Characteristics of basic data types

At first glance, the following two programs will look identical to you:

def main():
    number = int(input("Input a number: "))
    if number < 0:
        print("Must be non-negative!")
    else:
        result = 1;
        while number > 0:
            result = result * number
            number -= 1
        print("Factorial is:", result)

main()
#include <iostream>

using namespace std;

int main() {
    cout << "Input a number: ";
    int number = 0;
    cin >> number;

    if ( number < 0 ) {
        cout << "Must be non-negative!" << endl;
    } else {
        int result = 1;
        while ( number > 0 ) {
            result = result * number;
            --number;
        }
        cout << "Factorial is: " << result << endl;
    }
}

Then again, if you run the programs and set the initial value at, for example, 17, Python program will print 355687428096000, the C++ program -288522240. The result of the C++ is undoubtedly wrong, because the value of a factorial (the multiplication of non-negative numbers) may not be negative. What causes this problem?

In a way, Python is a rare programming language, because the value of integers is not limited. Most of the other programming languages present integers (and other types of numbers) on machine language level as a certain, fixed amount of bits. This amount of bits usually depends on the processor architecture that is used, but sometimes it also depends on the chosen compiler. In the case of integers, the typical amount of bits is 32, but in some cases, it is 16 or 64.

If the processor of the computer presents integers with 32 bits, it will not be able to process other integers than the ones between -2147483648 and  2147483647 (altogether 232 different integers). If the result of a calculation on that processor is an integer that may not be presented with 32 bits, it happens an overflow. The overflow will naturally make the result incorrect.

../../_images/speed_odometer.jpg

One could compare overflow to the moment when the odometer (the distance gauge) of your car reaches its highest number, and ”spins around” back to the smallest number it is capable of showing. (Kuva: Ant75)

A similar situation may arise when calculating with real numbers, despite the fact that bit amounts and numerical values are not the same, because real numbers are presented in a different form than integers. Underflow means the situation where you count with real numbers and the absolute value of the result is too small for the processor to differentiate between result and zero.

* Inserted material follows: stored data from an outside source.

lemma integrable_mean_velocity_loss:
  fixes V :: "real \<Rightarrow> real \<Rightarrow> 'f \<Rightarrow> 'f"
  assumes V: "(\<lambda>((t, r), g). V t r g) \<in> borel_measurable borel"
    and L2_V: "(\<integral>\<^sup>+(t, r). (\<integral>\<^sup>+g. ennreal ((norm (V t r g))\<^sup>2) \<partial>mum t) \<partial>T) < \<infinity>"
  shows "integrable T (\<lambda>(t, r). \<integral>g. (norm (mean_velocity phi t r g - V t r g))\<^sup>2 \<partial>mum t)"
proof (rule integrableI_nonneg)
  note V_T [measurable] = measurable_T_pair[OF V]
  show "(\<lambda>(t, r). \<integral>g. (norm (mean_velocity phi t r g - V t r g))\<^sup>2 \<partial>mum t) \<in> borel_measurable T"
    by measurable
  show "AE x in T. 0 \<le> (\<lambda>(t, r). \<integral>g. (norm (mean_velocity phi t r g - V t r g))\<^sup>2 \<partial>mum t) x"
    by (intro AE_I2) (auto simp: split_beta')
  have "(\<integral>\<^sup>+x. ennreal ((\<lambda>(t, r). \<integral>g. (norm (mean_velocity phi t r g - V t r g))\<^sup>2 \<partial>mum t) x) \<partial>T)
      \<le> (\<integral>\<^sup>+(t, r). \<integral>\<^sup>+g. ennreal ((norm (mean_velocity phi t r g - V t r g))\<^sup>2) \<partial>mum t \<partial>T)"
    by (intro nn_integral_mono) (auto simp: split_beta' intro: ennreal_integral_le_nn_integral)
  also have "\<dots> \<le> 2 * (\<integral>\<^sup>+(t, r). \<integral>\<^sup>+g. ennreal ((norm (mean_velocity phi t r g))\<^sup>2) \<partial>mum t \<partial>T)
      + 2 * (\<integral>\<^sup>+(t, r). \<integral>\<^sup>+g. ennreal ((norm (V t r g))\<^sup>2) \<partial>mum t \<partial>T)"
    by (intro nn_integral_le_twice_add)
      (auto simp: split_beta' intro!: nn_integral_le_twice_add ennreal_norm_diff_sq_le)
  also have "\<dots> < \<infinity>"
    using L2_ubar L2_V by (simp add: ennreal_mult_less_top)
  finally show "(\<integral>\<^sup>+x. ennreal ((\<lambda>(t, r). \<integral>g. (norm (mean_velocity phi t r g - V t r g))\<^sup>2 \<partial>mum t) x) \<partial>T) < \<infinity>" .
qed

lemma nn_integral_T_cond_target_finite:
  "(\<integral>\<^sup>+(t, r). \<integral>\<^sup>+f. \<integral>\<^sup>+g. ennreal ((norm (cond_target t r f g))\<^sup>2) \<partial>mu t f \<partial>\<nu> \<partial>T) < \<infinity>"
proof -
  let ?D = "\<lambda>t r. \<integral>\<^sup>+f. \<integral>\<^sup>+g. ennreal ((norm (ubdt t r g + Dub t r g (cond_velocity smin t f g)))\<^sup>2)
    \<partial>mu t f \<partial>\<nu>"
  let ?Y = "\<lambda>t r. \<integral>\<^sup>+f. \<integral>\<^sup>+g. ennreal ((norm (cond_velocity smin t f g))\<^sup>2) \<partial>mu t f \<partial>\<nu>"
  have "(\<integral>\<^sup>+(t, r). \<integral>\<^sup>+f. \<integral>\<^sup>+g. ennreal ((norm (cond_target t r f g))\<^sup>2) \<partial>mu t f \<partial>\<nu> \<partial>T)
      \<le> (\<integral>\<^sup>+(t, r). 2 * ?D t r + 2 * ?Y t r \<partial>T)"
    using T_supp by (intro nn_integral_mono_AE) (auto intro!: nn_integral_cond_target_le elim!: eventually_mono)
  also have "\<dots> \<le> 2 * (\<integral>\<^sup>+(t, r). ?D t r \<partial>T) + 2 * (\<integral>\<^sup>+(t, r). ?Y t r \<partial>T)"
    by (rule nn_integral_le_twice_add) (auto simp: split_beta')
  also have "\<dots> < \<infinity>"
    using L2_D L2_uf by (simp add: ennreal_mult_less_top)
  finally show ?thesis .
qed
lemma exists_level_dist_less:
  assumes d: "Metric_space limV d" "Metric_space.mtopology limV d = top_of_set limV" and "e > 0"
  shows "\<exists>N. \<forall>x\<in>limV. \<forall>y\<in>limV. x N = y N \<longrightarrow> d x y < e"
proof (rule ccontr)
  assume "\<not> ?thesis"
  then have "\<forall>N. \<exists>x\<in>limV. \<exists>y\<in>limV. x N = y N \<and> e \<le> d x y"
    by (auto simp: not_less)
  then have "\<forall>N. \<exists>x. x \<in> limV \<and> (\<exists>y\<in>limV. x N = y N \<and> e \<le> d x y)"
    by blast
  from choice[OF this] obtain A where "\<forall>t. A t \<in> limV \<and> (\<exists>y\<in>limV. A t t = y t \<and> e \<le> d (A t) y)" ..
  then have "\<forall>t. \<exists>y. A t \<in> limV \<and> y \<in> limV \<and> A t t = y t \<and> e \<le> d (A t) y"
    by blast
  from choice[OF this] obtain B where "\<forall>t. A t \<in> limV \<and> B t \<in> limV \<and> A t t = B t t \<and> e \<le> d (A t) (B t)" ..
  then have AB: "A t \<in> limV" "B t \<in> limV" "A t t = B t t" "e \<le> d (A t) (B t)" for t
    by blast+
  obtain a b r where ab: "a \<in> limV" "b \<in> limV"
    and r: "strict_mono r" "(A \<circ> r) \<longlonglongrightarrow> a" "(B \<circ> r) \<longlonglongrightarrow> b"
    by (rule seq_compact_pair[OF compact_limV compact_limV AB(1,2)])
  have "a j = b j" for j
    using limit_threads_related[where A = A and B = B, OF bond_compatible_eq AB(1,2) AB(3) r] .
  then have "b = a"
    by auto
  have "eventually (\<lambda>t. d ((A \<circ> r) t) a < e / 2) sequentially"
    by (rule Metric_space_eventually_dist_less[OF d _ ab(1) r(2)]) (use AB(1) \<open>e > 0\<close> in simp_all)
  moreover have "eventually (\<lambda>t. d ((B \<circ> r) t) a < e / 2) sequentially"
    by (rule Metric_space_eventually_dist_less[OF d _ ab(1)]) (use AB(2) r(3) \<open>b = a\<close> \<open>e > 0\<close> in \<open>simp_all add: o_def\<close>)
  ultimately obtain t where "d (A (r t)) a < e / 2" "d (B (r t)) a < e / 2"
    unfolding eventually_sequentially by (metis comp_apply nat_le_linear)
  moreover have "d (A (r t)) (B (r t)) \<le> d (A (r t)) a + d (B (r t)) a"
    using Metric_space.triangle'[OF d(1)] AB(1,2) ab(1) by blast
  ultimately show False
    using AB(4)[of "r t"] by simp
qed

When a programmer works with C++, they have some power over how numbers are processed. For example, there are several data types meant for presenting integers in C++, while there was only one in Python.

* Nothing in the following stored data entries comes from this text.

(* Let $Y_1,\dots,Y_n$ be independent with $Y_i\sim\mathcal N(\mu_i,\sigma^2)$, known $\sigma>0$, and $\mu_1\le\dots\le\mu_n$. Let $1-\alpha\in(0,1)$, $\mathcal J^{full}=\{(j,k)\in\{1,\dots,n\}^2:j\le k\}$ and $\delta=\alpha/(2|\mathcal J^{full}|)=\alpha/(n^2+n)$. Define $$L^\alpha_{\mathbf Y,i}=\sup_{(j,k)\in\mathcal J^{full}:\mu_i\ge\mu_k}\Big(Z_{j:k}-\frac{\sigma\,\Phi^{-1}(1-\delta)}{\sqrt{k-j+1}}\Big),\quad U^\alpha_{\mathbf Y,i}=\inf_{(j,k)\in\mathcal J^{full}:\mu_i\le\mu_j}\Big(Z_{j:k}-\frac{\sigma\,\Phi^{-1}(\delta)}{\sqrt{k-j+1}}\Big),$$ with $Z_{j:k}=\frac1{k-j+1}\sum_{i=j}^kY_i$, and the Yang--Barber bounds $$L^{\alpha,YB}_{\mathbf Y,i}=\sup_{(j,k)\in\mathcal J^{full}:\mu_i\ge\mu_k}\Big(Z^{Iso}_{j:k}-\frac{\sqrt{2\sigma^2\log(1/\delta)}}{\sqrt{k-j+1}}\Big),\quad U^{\alpha,YB}_{\mathbf Y,i}=\inf_{(j,k)\in\mathcal J^{full}:\mu_i\le\mu_j}\Big(Z^{Iso}_{j:k}+\frac{\sqrt{2\sigma^2\log(1/\delta)}}{\sqrt{k-j+1}}\Big),$$ with $Z^{Iso}_{j:k}=\frac1{k-j+1}\sum_{i=j}^k\widehat\mu^{Iso}_i$. Then $L^\alpha_{\mathbf Y,i}\ge L^{\alpha,YB}_{\mathbf Y,i}$ and $U^\alpha_{\mathbf Y,i}\le U^{\alpha,YB}_{\mathbf Y,i}$ for all $1\le i\le n$.
   Context: $\Phi^{-1}(\delta)$ is the $\delta$-quantile of the standard normal distribution. $\widehat{\boldsymbol\mu}^{Iso}=(\widehat\mu^{Iso}_1,\dots,\widehat\mu^{Iso}_n)$ is the (unweighted) isotonic regression of $\mathbf Y$: the minimizer of $\sum_{i=1}^n(Y_i-m_i)^2$ over $\mathbf m\in\mathbb R^n$ with $m_1\le\dots\le m_n$. (The bounds $L^\alpha,U^\alpha$ are those of the paper's normal-case calibration band with volumes $v_i=1$ and dispersion $\varphi=\sigma^2$.) *)

theory Defs
  imports "HOL-Probability.Probability"
begin

definition std_normal_cdf :: "real \<Rightarrow> real" where
  "std_normal_cdf x = (LBINT t:{..x}. std_normal_density t)"

definition std_normal_quantile :: "real \<Rightarrow> real" where
  "std_normal_quantile d = Inf {x. d \<le> std_normal_cdf x}"

text \<open>Vectors are functions on indices 1..n. Nondecreasing on 1..n.\<close>
definition nondecr :: "nat \<Rightarrow> (nat \<Rightarrow> real) \<Rightarrow> bool" where
  "nondecr n m \<longleftrightarrow> (\<forall>i j. 1 \<le> i \<longrightarrow> i \<le> j \<longrightarrow> j \<le> n \<longrightarrow> m i \<le> m j)"

text \<open>m is the (unweighted) isotonic regression of Y: a minimiser of the
  squared error over nondecreasing vectors (this minimiser exists and is unique).\<close>
definition is_iso_reg :: "nat \<Rightarrow> (nat \<Rightarrow> real) \<Rightarrow> (nat \<Rightarrow> real) \<Rightarrow> bool" where
  "is_iso_reg n Y m \<longleftrightarrow> nondecr n m \<and>
     (\<forall>m'. nondecr n m' \<longrightarrow> (\<Sum>i=1..n. (Y i - m i)^2) \<le> (\<Sum>i=1..n. (Y i - m' i)^2))"

definition Jfull :: "nat \<Rightarrow> (nat \<times> nat) set" where
  "Jfull n = {(j,k). 1 \<le> j \<and> j \<le> k \<and> k \<le> n}"

definition blockavg :: "(nat \<Rightarrow> real) \<Rightarrow> nat \<Rightarrow> nat \<Rightarrow> real" where
  "blockavg Y j k = (\<Sum>l=j..k. Y l) / real (k - j + 1)"

end

theory Submission
  imports Defs "HOL-Real_Asymp.Real_Asymp"
begin

(* The isotonic fit m is a step function, and perturbing it by +-e on a window shows:
   on a window [j..k0] ending at a jump of m (or at n) the data average at most m, and
   on a window [j0..k] starting at a jump of m (or at 1) the data average at least m.
   Fix j and view the penalized average of m over [j..k] as a function of the length r.
   While k stays in a run where m equals v, it is v - D t^2 + C t with t = 1/sqrt r and
   D >= 0 (the earlier values of m are at most v), a concave function of t; so it does
   not increase when k is moved to the end of its run or to the end of the previous run,
   both jumps of m. Hence every term of the Yang-Barber infimum dominates a term of the
   Gaussian one, once the Mills ratio bound gives -Phi^-1(delta) <= sqrt (2 ln (1/delta)).
   The supremum is the mirror image. *)

section \<open>Gaussian tail bounds\<close>

lemma has_bochner_integral_std_normal_first_moment_tail:
  fixes a :: real
  assumes "0 \<le> a"
  shows "has_bochner_integral lborel
           (\<lambda>s. indicator {a..} s *\<^sub>R (s * std_normal_density s)) (std_normal_density a)"
proof (rule has_bochner_integral_nn_integral)
  have "((\<lambda>s. - std_normal_density s) \<longlongrightarrow> 0) at_top"
    unfolding std_normal_density_def by real_asymp
  then have "(\<integral>\<^sup>+s. ennreal (s * std_normal_density s) * indicator {a..} s \<partial>lborel)
      = ennreal (0 - - std_normal_density a)"
    using assms unfolding std_normal_density_def
    by (intro nn_integral_FTC_atLeast)
      (auto intro!: derivative_eq_intros simp: field_simps power2_eq_square)
  moreover have "(\<integral>\<^sup>+s. ennreal (indicator {a..} s *\<^sub>R (s * std_normal_density s)) \<partial>lborel)
      = (\<integral>\<^sup>+s. ennreal (s * std_normal_density s) * indicator {a..} s \<partial>lborel)"
    by (intro nn_integral_cong) (simp split: split_indicator)
  ultimately show "(\<integral>\<^sup>+s. ennreal (indicator {a..} s *\<^sub>R (s * std_normal_density s)) \<partial>lborel)
      = ennreal (std_normal_density a)"
    by simp
qed (use assms in \<open>auto split: split_indicator\<close>)

lemma std_normal_upper_tail_le:
  fixes a :: real
  assumes "0 < a"
  shows "(LBINT s:{a..}. std_normal_density s) \<le> std_normal_density a / a"
proof -
  note moment = has_bochner_integral_std_normal_first_moment_tail[OF less_imp_le[OF assms]]
  have "(LBINT s:{a..}. std_normal_density s)
      \<le> (\<integral>s. indicator {a..} s *\<^sub>R (s * std_normal_density s) / a \<partial>lborel)"
    unfolding set_lebesgue_integral_def
  proof (rule integral_mono)
    show "integrable lborel (\<lambda>s. indicator {a..} s *\<^sub>R (s * std_normal_density s) / a)"
      using moment by (auto simp: has_bochner_integral_iff)
  qed (use assms in \<open>auto split: split_indicator simp: field_simps
      intro: mult_right_mono intro!: integrable_real_mult_indicator\<close>)
  also have "\<dots> = std_normal_density a / a"
    using moment by (simp add: has_bochner_integral_integral_eq)
  finally show ?thesis .
qed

Since the aforementioned trivia is not vital at this point, the data types we will be using on this course are as follows:

  • int - the normal integer, fit for dealing with positive and negative values
  • unsigned int - integer type fit for non-negative numbers (natural numbers) only
  • long int - type that may allow a larger area of presentation than the usual int type, but only if the processor architecture of the computer supports it
  • unsigned long int - a rather logical combination of the two types above.

It is vital to note that C++ language does not define the amount of bits used to present numeric data types. Therefore, you should not trust all of the integers of the int type always to be presented by 32 bits, even though this applies to the working environment of our course.